L’intercettazione della depressione in un laboratorio di gruppo e la risposta terapeutica

Incontrammo la signora Adele ad un laboratorio dedicato all’allenamento della memoria di Anziani in Mente, organizzato nel centro di socialità del quartiere. La signora, su consiglio di una sua vicina di casa che aveva già frequentato il laboratorio, decise di partecipare.
La psicologa conduttrice del laboratorio, si accorse che Adele era in difficoltà: parlava poco, aveva l’espressione assente, faticava a terminare anche semplici esercizi di memoria.
Dopo qualche incontro, la psicologa propose ad Adele di scambiare due parole in privato. Fu così che Adele si apri e raccontò di sentirsi molto giù di morale, sempre triste, con poca voglia di fare, oltre a pensare e ripensare sempre a suo marito scomparso da cinque anni. L’operatrice, allora, propose alla signora di continuare quelle “chiacchierate” anche nelle settimane successive.

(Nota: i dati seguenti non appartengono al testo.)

(* Let $M_t$ be the spherical mean curvature flow of isoparametric hypersurfaces in $S^{n+1}$ with $g$ distinct principal curvatures, with $M_0$ not minimal, and let $A(t),H(t)$ be its shape operator and scalar mean curvature. (1) If $g=1$, then $\|A(t)\|^2/H^2(t)\equiv 1/n$. (2) If $g\ge 2$, there exist $t_1>0$ and positive constants $c_1,c_2$ such that $$c_2e^{-2gnt}\le\frac{\|A(t)\|^2}{H^2(t)}\le c_1e^{-2gnt}\quad\text{for all } t<-t_1.$$
   Context: Let $M^n$ be a compact isoparametric hypersurface in the unit sphere $S^{n+1}\subset\mathbb{R}^{n+2}$ (constant principal curvatures) with $g$ distinct principal curvatures; then $g\in\{1,2,3,4,6\}$. Fix $x_0\in M$ and identify the 2-dimensional normal space $\nu_{x_0}M$ of $M$ in $\mathbb{R}^{n+2}$ with $\mathbb{C}$ so that the two focal submanifolds $M_+$, $M_-$ ($\dim M_+\le\dim M_-$) meet the normal circle at $1$ and $e^{i\pi/g}$ (the intersection points closest to $x_0$). The Weyl chamber is $C=\{re^{i\theta}:r>0,\ 0<\theta<\pi/g\}$. For $k=1,\dots,g$ let $\theta_k=k\pi/g-\pi/2$, $\alpha_k=e^{i\theta_k}$, and $m_k=m_1$ for $k$ odd, $m_k=m_2$ for $k$ even, where $(m_1,m_2)$, $m_1\le m_2$, is the multiplicity data of the principal curvatures; $m_1=m_2$ if $g$ is odd, and $(m_1+m_2)g=2n$. For $x\in C$, $M_x=\{p+\tilde\xi(p):p\in M\}$ where $\tilde\xi$ is the parallel normal field on $M$ with $\tilde\xi(x_0)=x-x_0$; it is an $n$-dimensional isoparametric submanifold of $\mathbb{R}^{n+2}$ lying in $S^{n+1}(|x|)$, with normal space $\nu_{x_0}M$ at $x$, and $T_xM_x=\oplus_kE_k$, $\dim E_k=m_k$, with Euclidean shape operator $A_\xi|_{E_k}=\langle\xi,-\alpha_k/\langle x,\alpha_k\rangle\rangle\mathrm{Id}$ ($\langle\cdot,\cdot\rangle$ the real inner product on $\mathbb{C}=\mathbb{R}^2$). $H^E(x),A^E(x)$ denote mean curvature vector and shape operator of $M_x$ at $x$ in $\mathbb{R}^{n+2}$; $H^S(x),A^S(x)$ those of $M_x$ as a hypersurface of $S^{n+1}(|x|)$; $\|A\|^2$ is the sum of squared Hilbert–Schmidt norms over an orthonormal normal basis. Set $\delta=(m_2-m_1)/(m_2+m_1)$ if $g\ge2$ and $\delta=0$ if $g=1$, and let $\theta_{\min}\in(0,\pi/g)$ be defined by $\cos g\theta_{\min}=-\delta$. The spherical MCF of $M_{y(0)}$ is the family $M_t=M_{y(t)}$ with $y(t)\in C$ unit and $y'(t)=H^S(y(t))$; it exists for all $t\le 0$; $A(t)=A^S(y(t))$ and $H^2(t)=\|H^S(y(t))\|^2$. *)

theory Defs
  imports "HOL-Analysis.Analysis"
begin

Adele, seppur inizialmente riluttante, accettò la proposta di un ciclo di colloqui nei quali affrontare i sentimenti della perdita del marito, della solitudine che l’aveva avvolta e della sensazione di vuoto che la accompagnava ogni giorno.
La nostra professionista l’aiutò a ripensare alla propria vita al di fuori della coppia e le consigliò alcuni esercizi per riattivare l’umore. In parallelo, Adele continuò a frequentare i laboratori di Anziani in Mente.
Dopo un paio di mesi, lo stato emotivo di Adele migliorò: nei laboratori la sua partecipazione divenne più attiva, iniziò a parlare di più, a sorridere e a completare gli esercizi con maggiore facilità. Diventò più vivace, partecipava e aperta a instaurare nuove amicizie.
Grazie al supporto costante e alla partecipazione attiva al laboratorio, Adele riuscì a ritrovare un equilibrio emotivo. Sebbene la mancanza del marito rimanesse una ferita nel suo cuore, Adele imparò a vivere con quel dolore, trasformandolo in una fonte di forza e resilienza.
L’orientamento dei famigliari dopo la diagnosi di demenza
La famiglia Rossi viveva in un tranquillo quartiere di periferia. Giovanni, il padre di 75 anni, era sempre stato il pilastro della famiglia. Dopo una vita di lavoro come insegnante, si godeva la pensione accanto a sua moglie, Maria, e alla loro figlia, Anna, che...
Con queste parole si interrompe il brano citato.